(* Let $X$ be a real Hilbert space, let $\gamma>0$, and let $f:X\to(-\infty,+\infty]$ be a proper $\Phi_{lsc}^{\mathbb{R}}$-convex function such that $\mathrm{dom}\, f=\mathrm{dom}\,\partial_{lsc}^{\mathbb{R}} f$. Let $x_0\in\mathrm{dom}\, f$. If there exist $a_0\geq -\frac{1}{2\gamma}$ and $x\in X$ such that $$x\in\arg\min_{z\in X}\Big[f(z)+\Big(\tfrac{1}{2\gamma}+a_0\Big)\|z-x_0\|^2\Big],$$ then $\big(J_\gamma(x_0)-J_\gamma(x)\big)\cap\partial_{lsc}^{\mathbb{R}} f(x)\neq\emptyset$, where $J_\gamma(x_0)-J_\gamma(x)=\{\phi_0-\phi:\ \phi_0\in J_\gamma(x_0),\ \phi\in J_\gamma(x)\}\subset\mathbb{R}\times X$.
   Context: $\Phi_{lsc}^{\mathbb{R}}=\{\phi=(a,u)\in\mathbb{R}\times X\}$, where $\phi=(a,u)$ is identified with the function $\phi(x)=-a\|x\|^2+\langle u,x\rangle$; differences of elements are taken componentwise in $\mathbb{R}\times X$. A function $f:X\to(-\infty,+\infty]$ is $\Phi_{lsc}^{\mathbb{R}}$-convex if $f(x)=\sup\{\phi(x):\phi\in\Phi_{lsc}^{\mathbb{R}},\ \phi\le f\}$ for all $x\in X$. For $x_0\in\mathrm{dom}\, f$, the $\Phi_{lsc}^{\mathbb{R}}$-subdifferential is $\partial_{lsc}^{\mathbb{R}} f(x_0)=\{\phi\in\Phi_{lsc}^{\mathbb{R}}: f(y)-f(x_0)\ge\phi(y)-\phi(x_0)\ \forall y\in X\}$, and $\mathrm{dom}\,\partial_{lsc}^{\mathbb{R}} f=\{x: \partial_{lsc}^{\mathbb{R}} f(x)\neq\emptyset\}$. The duality map is $J_\gamma(x)=\partial_{lsc}^{\mathbb{R}}\big(\tfrac{1}{2\gamma}\|\cdot\|^2\big)(x)=\{(a,(\tfrac1\gamma+2a)x): a\in\mathbb{R},\ 2\gamma a\ge -1\}$. *)

theory Defs
  imports "HOL-Analysis.Analysis"
begin

text \<open>Elements of Phi_lsc^R are pairs (a,u) in R x X, acting as x |-> -a ||x||^2 + <u,x>.\<close>
definition phi_app :: "real \<times> 'a::real_inner \<Rightarrow> 'a \<Rightarrow> real" where
  "phi_app p x = - fst p * (norm x)\<^sup>2 + inner (snd p) x"

definition effdom :: "('a \<Rightarrow> ereal) \<Rightarrow> 'a set" where
  "effdom f = {x. f x < \<infinity>}"

definition proper_fun :: "('a \<Rightarrow> ereal) \<Rightarrow> bool" where
  "proper_fun f \<longleftrightarrow> (\<forall>x. f x \<noteq> -\<infinity>) \<and> effdom f \<noteq> {}"

definition phi_convex :: "('a::real_inner \<Rightarrow> ereal) \<Rightarrow> bool" where
  "phi_convex f \<longleftrightarrow>
     (\<forall>x. f x = Sup {ereal (phi_app p x) | p. \<forall>y. ereal (phi_app p y) \<le> f y})"

definition phi_subdiff :: "('a::real_inner \<Rightarrow> ereal) \<Rightarrow> 'a \<Rightarrow> (real \<times> 'a) set" where
  "phi_subdiff f x0 = (if x0 \<in> effdom f then
     {p. \<forall>y. f y - f x0 \<ge> ereal (phi_app p y - phi_app p x0)} else {})"

definition subdiff_dom :: "('a::real_inner \<Rightarrow> ereal) \<Rightarrow> 'a set" where
  "subdiff_dom f = {x. phi_subdiff f x \<noteq> {}}"

definition dualmap :: "real \<Rightarrow> 'a::real_inner \<Rightarrow> (real \<times> 'a) set" where
  "dualmap \<gamma> x = phi_subdiff (\<lambda>z. ereal ((norm z)\<^sup>2 / (2 * \<gamma>))) x"

end

theory Submission
  imports Defs
begin

text \<open>Minimality of \<open>f + c \<parallel>\<cdot> - x\<^sub>0\<parallel>\<^sup>2\<close> at \<open>x\<close> says precisely that the element
  \<open>(c, 2c x\<^sub>0)\<close> of \<open>\<Phi>\<^sub>l\<^sub>s\<^sub>c\<^sup>\<real>\<close>, i.e. \<open>z \<mapsto> c \<parallel>x\<^sub>0\<parallel>\<^sup>2 - c \<parallel>z - x\<^sub>0\<parallel>\<^sup>2\<close>, is a subgradient
  of \<open>f\<close> at \<open>x\<close>. With \<open>c = 1/(2\<gamma>) + a\<^sub>0 \<ge> 0\<close> it splits as \<open>(c - 1/(2\<gamma>), 2c x\<^sub>0) - (-1/(2\<gamma>), 0)\<close>,
  a difference of an element of \<open>J\<^sub>\<gamma>(x\<^sub>0)\<close> and one of \<open>J\<^sub>\<gamma>(x)\<close>.\<close>

lemma phi_app_centered:
  "phi_app (c, (2 * c) *\<^sub>R x0) z = c * (norm x0)\<^sup>2 - c * (norm (z - x0))\<^sup>2"
  by (simp add: phi_app_def power2_norm_eq_inner inner_diff_left inner_diff_right
      inner_commute algebra_simps)

lemma mem_phi_subdiff_iff:
  "p \<in> phi_subdiff f x \<longleftrightarrow>
     x \<in> effdom f \<and> (\<forall>y. f y - f x \<ge> ereal (phi_app p y - phi_app p x))"
  by (simp add: phi_subdiff_def)

lemma mem_dualmap:
  assumes "\<gamma> > 0" and "2 * \<gamma> * a \<ge> -1"
  shows "(a, (1 / \<gamma> + 2 * a) *\<^sub>R x) \<in> dualmap \<gamma> x"
proof -
  define b where "b = a + 1 / (2 * \<gamma>)"
  have b_nonneg: "b \<ge> 0"
    using assms by (simp add: b_def field_simps)
  have "(norm y)\<^sup>2 / (2 * \<gamma>) - (norm x)\<^sup>2 / (2 * \<gamma>)
          - (phi_app (a, (1 / \<gamma> + 2 * a) *\<^sub>R x) y - phi_app (a, (1 / \<gamma> + 2 * a) *\<^sub>R x) x)
        = b * (norm (y - x))\<^sup>2" for y
    using assms(1)
    by (simp add: b_def phi_app_def power2_norm_eq_inner inner_diff_left inner_diff_right
        inner_commute field_simps)
  then have "phi_app (a, (1 / \<gamma> + 2 * a) *\<^sub>R x) y - phi_app (a, (1 / \<gamma> + 2 * a) *\<^sub>R x) x
      \<le> (norm y)\<^sup>2 / (2 * \<gamma>) - (norm x)\<^sup>2 / (2 * \<gamma>)" for y
    using b_nonneg by (smt (verit) zero_le_mult_iff zero_le_power2)
  then show ?thesis
    by (simp add: dualmap_def mem_phi_subdiff_iff effdom_def)
qed

lemma quadratic_minimizer_phi_subgradient:
  assumes "proper_fun f"
    and min: "\<forall>z. f x + ereal (c * (norm (x - x0))\<^sup>2) \<le> f z + ereal (c * (norm (z - x0))\<^sup>2)"
  shows "(c, (2 * c) *\<^sub>R x0) \<in> phi_subdiff f x"
proof -
  obtain w where "f w < \<infinity>"
    using assms(1) by (auto simp: proper_fun_def effdom_def)
  with min[rule_format, of w] have "f x \<noteq> \<infinity>"
    by auto
  moreover have "f x \<noteq> -\<infinity>"
    using assms(1) by (simp add: proper_fun_def)
  ultimately obtain r where r: "f x = ereal r"
    by (cases "f x") auto
  have "f y - f x \<ge> ereal (c * (norm (x - x0))\<^sup>2 - c * (norm (y - x0))\<^sup>2)" for y
    using min[rule_format, of y] r by (cases "f y") auto
  then show ?thesis
    by (simp add: mem_phi_subdiff_iff phi_app_centered effdom_def r)
qed

theorem proposition3:
  fixes f :: "'a::{real_inner, complete_space} \<Rightarrow> ereal"
    and \<gamma> :: real and x0 :: 'a
  assumes "\<gamma> > 0"
    and "proper_fun f"
    and "phi_convex f"
    and "effdom f = subdiff_dom f"
    and "x0 \<in> effdom f"
    and "a0 \<ge> - 1 / (2 * \<gamma>)"
    and "\<forall>z. f x + ereal ((1 / (2 * \<gamma>) + a0) * (norm (x - x0))\<^sup>2)
              \<le> f z + ereal ((1 / (2 * \<gamma>) + a0) * (norm (z - x0))\<^sup>2)"
  shows "{(fst p0 - fst p, snd p0 - snd p) | p0 p. p0 \<in> dualmap \<gamma> x0 \<and> p \<in> dualmap \<gamma> x}
           \<inter> phi_subdiff f x \<noteq> {}"
proof -
  define c where "c = 1 / (2 * \<gamma>) + a0"
  have "(c, (2 * c) *\<^sub>R x0) \<in> phi_subdiff f x"
    unfolding c_def by (rule quadratic_minimizer_phi_subgradient[OF assms(2,7)])
  moreover have "(a0, (2 * c) *\<^sub>R x0) \<in> dualmap \<gamma> x0"
  proof -
    have "1 / \<gamma> + 2 * a0 = 2 * c"
      by (simp add: c_def)
    then show ?thesis
      using mem_dualmap[of \<gamma> a0 x0] assms(1,6) by (simp add: field_simps)
  qed
  moreover have "(- 1 / (2 * \<gamma>), 0) \<in> dualmap \<gamma> x"
    using mem_dualmap[of \<gamma> "- 1 / (2 * \<gamma>)" x] assms(1) by simp
  moreover have "c = a0 - (- 1 / (2 * \<gamma>))"
    by (simp add: c_def)
  ultimately show ?thesis
    by force
qed

end
(* Consider a family, indexed by the number of qubits $n$, of parametrized $n$-qubit states $\widetilde{\rho} = \rho(\vec{\alpha})$ depending on a random variable $\vec{\alpha}$, and a POVM $\mathcal{M} = \{M_k\}_{k=1}^{|\mathcal{M}|}$ with $|\mathcal{M}| \in \mathcal{O}(\operatorname{poly}(n))$. Let $\mathbb{P}_{\vec{\alpha}} = (p_1(\vec{\alpha}), \dots, p_{|\mathcal{M}|}(\vec{\alpha}))$ with $p_k(\vec{\alpha}) = \operatorname{Tr}[\widetilde{\rho} M_k]$ be the outcome distribution. Assume the outcome probabilities exponentially concentrate: there exist $\vec{\alpha}$-independent numbers $\mu_k$ and $\beta \in \mathcal{O}(\exp(-n))$ such that for every $k$ and every $\delta' > 0$, $$\Pr_{\vec{\alpha}}\big(|p_k(\vec{\alpha}) - \mu_k| \geq \delta'\big) \leq \frac{\beta}{\delta'^2},$$ and let $\mathbb{P}_{\rm fixed} = (\mu_1, \dots, \mu_{|\mathcal{M}|})$. Let $N \in \mathcal{O}(\operatorname{poly}(n))$, and suppose a set $\mathcal{S}_N$ of $N$ i.i.d. samples is drawn, with probability $1/2$ each, either from $\mathbb{P}_{\vec{\alpha}}$ (hypothesis $\mathcal{H}_0$) or from $\mathbb{P}_{\rm fixed}$ (hypothesis $\mathcal{H}_1$). Then, with probability at least $1-\delta$ over the choice of $\vec{\alpha}$, where $\delta = |\mathcal{M}|\sqrt{\beta} \in \mathcal{O}(\exp(-n))$, every procedure deciding between $\mathcal{H}_0$ and $\mathcal{H}_1$ from $\mathcal{S}_N$ makes the right decision with probability at most $\frac{1}{2} + \varepsilon$, where $\varepsilon = \frac{N|\mathcal{M}|\beta^{1/4}}{4} \in \mathcal{O}(\exp(-n))$. In particular, $\mathbb{P}_{\vec{\alpha}}$ and $\mathbb{P}_{\rm fixed}$ are then statistically indistinguishable with $N$ samples.
   Context: A POVM is a finite set of positive semidefinite operators summing to the identity; measuring it on a state $\rho$ yields outcome $k$ with probability $\operatorname{Tr}[\rho M_k]$. Two distributions $\mathbb{P},\mathbb{P}'$ are called statistically indistinguishable with $N$ samples if, given $N$ i.i.d. samples drawn (with equal prior probability) all from $\mathbb{P}$ or all from $\mathbb{P}'$, no algorithm identifies the correct source with probability greater than $0.51$. Asymptotic notation refers to $n \to \infty$. *)

theory Defs
  imports "HOL-Probability.Probability" "HOL-Library.Landau_Symbols" "Jordan_Normal_Form.Matrix"
begin

definition mat_trace :: "complex mat \<Rightarrow> complex" where
  "mat_trace A = (\<Sum>i<dim_row A. A $$ (i, i))"

definition psd_mat :: "nat \<Rightarrow> complex mat \<Rightarrow> bool" where
  "psd_mat d A \<longleftrightarrow> A \<in> carrier_mat d d \<and>
     (\<forall>v :: nat \<Rightarrow> complex.
        let q = (\<Sum>i<d. \<Sum>j<d. cnj (v i) * A $$ (i, j) * v j) in Im q = 0 \<and> Re q \<ge> 0)"

definition density_mat :: "nat \<Rightarrow> complex mat \<Rightarrow> bool" where
  "density_mat d \<rho> \<longleftrightarrow> psd_mat d \<rho> \<and> mat_trace \<rho> = 1"

definition is_POVM :: "nat \<Rightarrow> nat \<Rightarrow> (nat \<Rightarrow> complex mat) \<Rightarrow> bool" where
  "is_POVM d m M \<longleftrightarrow> (\<forall>k<m. psd_mat d (M k)) \<and>
     (\<forall>i<d. \<forall>j<d. (\<Sum>k<m. M k $$ (i, j)) = 1\<^sub>m d $$ (i, j))"

text \<open>Outcome probability Tr[rho M_k] (real for PSD rho, M_k).\<close>
definition outcome_prob :: "complex mat \<Rightarrow> complex mat \<Rightarrow> real" where
  "outcome_prob \<rho> Mk = Re (mat_trace (\<rho> * Mk))"

definition samples :: "nat \<Rightarrow> nat \<Rightarrow> nat list set" where
  "samples m N = {xs. length xs = N \<and> set xs \<subseteq> {..<m}}"

definition sample_prob :: "(nat \<Rightarrow> real) \<Rightarrow> nat list \<Rightarrow> real" where
  "sample_prob P xs = (\<Prod>x\<leftarrow>xs. P x)"

text \<open>Success probability of a (possibly randomized) test D, where D xs \<in> [0,1] is the
  probability of answering H0 (source P) on samples xs; equal priors on P (H0) and Q (H1).\<close>
definition success_prob ::
  "nat \<Rightarrow> nat \<Rightarrow> (nat \<Rightarrow> real) \<Rightarrow> (nat \<Rightarrow> real) \<Rightarrow> (nat list \<Rightarrow> real) \<Rightarrow> real" where
  "success_prob m N P Q D =
     1/2 * (\<Sum>xs\<in>samples m N. sample_prob P xs * D xs)
   + 1/2 * (\<Sum>xs\<in>samples m N. sample_prob Q xs * (1 - D xs))"

definition is_test :: "(nat list \<Rightarrow> real) \<Rightarrow> bool" where
  "is_test D \<longleftrightarrow> (\<forall>xs. 0 \<le> D xs \<and> D xs \<le> 1)"

definition stat_indist :: "nat \<Rightarrow> nat \<Rightarrow> (nat \<Rightarrow> real) \<Rightarrow> (nat \<Rightarrow> real) \<Rightarrow> bool" where
  "stat_indist m N P Q \<longleftrightarrow> (\<forall>D. is_test D \<longrightarrow> success_prob m N P Q D \<le> 51/100)"

end

theory Submission
  imports Defs "HOL-Real_Asymp.Real_Asymp"
begin

text \<open>
  By the tail bound at \<open>\<delta>' = \<beta>\<^sup>1\<^sup>/\<^sup>4\<close>, each outcome probability \<open>p\<^sub>k(\<alpha>)\<close> is more than
  \<open>\<beta>\<^sup>1\<^sup>/\<^sup>4\<close> away from \<open>\<mu>\<^sub>k\<close> with probability at most \<open>\<surd>\<beta>\<close>; a union bound over the
  \<open>|\<M>|\<close> outcomes yields an event of probability \<open>\<ge> 1 - |\<M>|\<surd>\<beta>\<close> on which the two outcome
  distributions are uniformly \<open>\<beta>\<^sup>1\<^sup>/\<^sup>4\<close>-close, hence \<open>|\<M>|\<beta>\<^sup>1\<^sup>/\<^sup>4\<close>-close in \<open>\<ell>\<^sub>1\<close>.
  A hybrid argument bounds the \<open>\<ell>\<^sub>1\<close> distance of the \<open>N\<close>-fold product distributions by
  \<open>N\<close> times that, and any test succeeds with probability at most \<open>1/2\<close> plus a quarter
  of the \<open>\<ell>\<^sub>1\<close> distance. That the \<open>p\<^sub>k(\<alpha>)\<close> form a probability distribution needs
  \<open>Tr[\<rho> M\<^sub>k] \<ge> 0\<close>, which follows by writing \<open>\<rho>\<close> as a sum of rank-one positive
  matrices, obtained by repeatedly taking Schur complements.
\<close>

section \<open>Positive semidefinite forms\<close>

definition quad_form :: "nat \<Rightarrow> (nat \<Rightarrow> nat \<Rightarrow> complex) \<Rightarrow> (nat \<Rightarrow> complex) \<Rightarrow> complex" where
  "quad_form d a v = (\<Sum>i<d. \<Sum>j<d. cnj (v i) * a i j * v j)"

definition psd_form :: "nat \<Rightarrow> (nat \<Rightarrow> nat \<Rightarrow> complex) \<Rightarrow> bool" where
  "psd_form d a \<longleftrightarrow> (\<forall>v. Im (quad_form d a v) = 0 \<and> Re (quad_form d a v) \<ge> 0)"

lemma sum_lessThan_single:
  fixes d :: nat
  assumes "i < d" "\<And>l. l < d \<Longrightarrow> l \<noteq> i \<Longrightarrow> f l = 0"
  shows "(\<Sum>l<d. f l) = f i"
proof -
  have "(\<Sum>l<d. f l) = sum f {i}" using assms by (intro sum.mono_neutral_right) auto
  then show ?thesis by simp
qed

lemma sum_lessThan_pair:
  fixes d :: nat
  assumes "i < d" "j < d" "i \<noteq> j" "\<And>l. l < d \<Longrightarrow> l \<noteq> i \<Longrightarrow> l \<noteq> j \<Longrightarrow> f l = 0"
  shows "(\<Sum>l<d. f l) = f i + f j"
proof -
  have "(\<Sum>l<d. f l) = sum f {i, j}" using assms by (intro sum.mono_neutral_right) auto
  then show ?thesis using assms(3) by simp
qed

lemma quad_form_single:
  assumes "i < d"
  shows "quad_form d a (\<lambda>l. if l = i then x else 0) = cnj x * a i i * x"
proof -
  let ?v = "\<lambda>l. if l = i then x else 0"
  have row: "(\<Sum>j<d. cnj (?v l) * a l j * ?v j) = cnj (?v l) * a l i * x" for l
    by (subst sum_lessThan_single[OF assms]) auto
  show ?thesis
    unfolding quad_form_def row by (subst sum_lessThan_single[OF assms]) auto
qed

lemma quad_form_pair:
  assumes "i < d" "j < d" "i \<noteq> j"
  shows "quad_form d a (\<lambda>l. if l = i then x else if l = j then y else 0) =
    cnj x * a i i * x + cnj x * a i j * y + cnj y * a j i * x + cnj y * a j j * y"
proof -
  let ?v = "\<lambda>l. if l = i then x else if l = j then y else 0"
  have row: "(\<Sum>j'<d. cnj (?v l) * a l j' * ?v j') = cnj (?v l) * a l i * x + cnj (?v l) * a l j * y" for l
    by (subst sum_lessThan_pair[OF assms]) (use assms in auto)
  show ?thesis
    unfolding quad_form_def row
    by (subst sum_lessThan_pair[OF assms]) (use assms in \<open>auto simp: algebra_simps\<close>)
qed

lemma quad_form_add_basis:
  assumes "n < d"
  shows "quad_form d a (\<lambda>l. v l + (if l = n then t else 0)) = quad_form d a v
     + cnj t * (\<Sum>j<d. a n j * v j) + (\<Sum>i<d. cnj (v i) * a i n) * t + cnj t * a n n * t"
proof -
  have expand: "cnj (v i + (if i = n then t else 0)) * a i j * (v j + (if j = n then t else 0)) =
     cnj (v i) * a i j * v j + (if i = n then cnj t * a n j * v j else 0)
     + (if j = n then cnj (v i) * a i n * t else 0)
     + (if i = n then if j = n then cnj t * a n n * t else 0 else 0)" for i j
    by (auto simp: algebra_simps)
  have delta: "(\<Sum>i<d. if i = n then f i else 0) = f n" for f :: "nat \<Rightarrow> complex"
    using assms by (simp add: sum.delta)
  have const_if: "(\<Sum>j<d. if P then f j else 0) = (if P then \<Sum>j<d. f j else 0)"
    for P and f :: "nat \<Rightarrow> complex"
    by simp
  show ?thesis
    unfolding quad_form_def expand sum.distrib const_if delta
    using assms by (simp add: sum_distrib_left sum_distrib_right mult.assoc)
qed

§ **WHAT YOU WILL DO**: Report every line from the listing above where the string "subst" can be found.

§ **TASK ANSWER**:
    by (subst sum_lessThan_single[OF assms]) auto
    unfolding quad_form_def row by (subst sum_lessThan_single[OF assms]) auto
    by (subst sum_lessThan_pair[OF assms]) (use assms in auto)
    by (subst sum_lessThan_pair[OF assms]) (use assms in \<open>auto simp: algebra_simps\<close>)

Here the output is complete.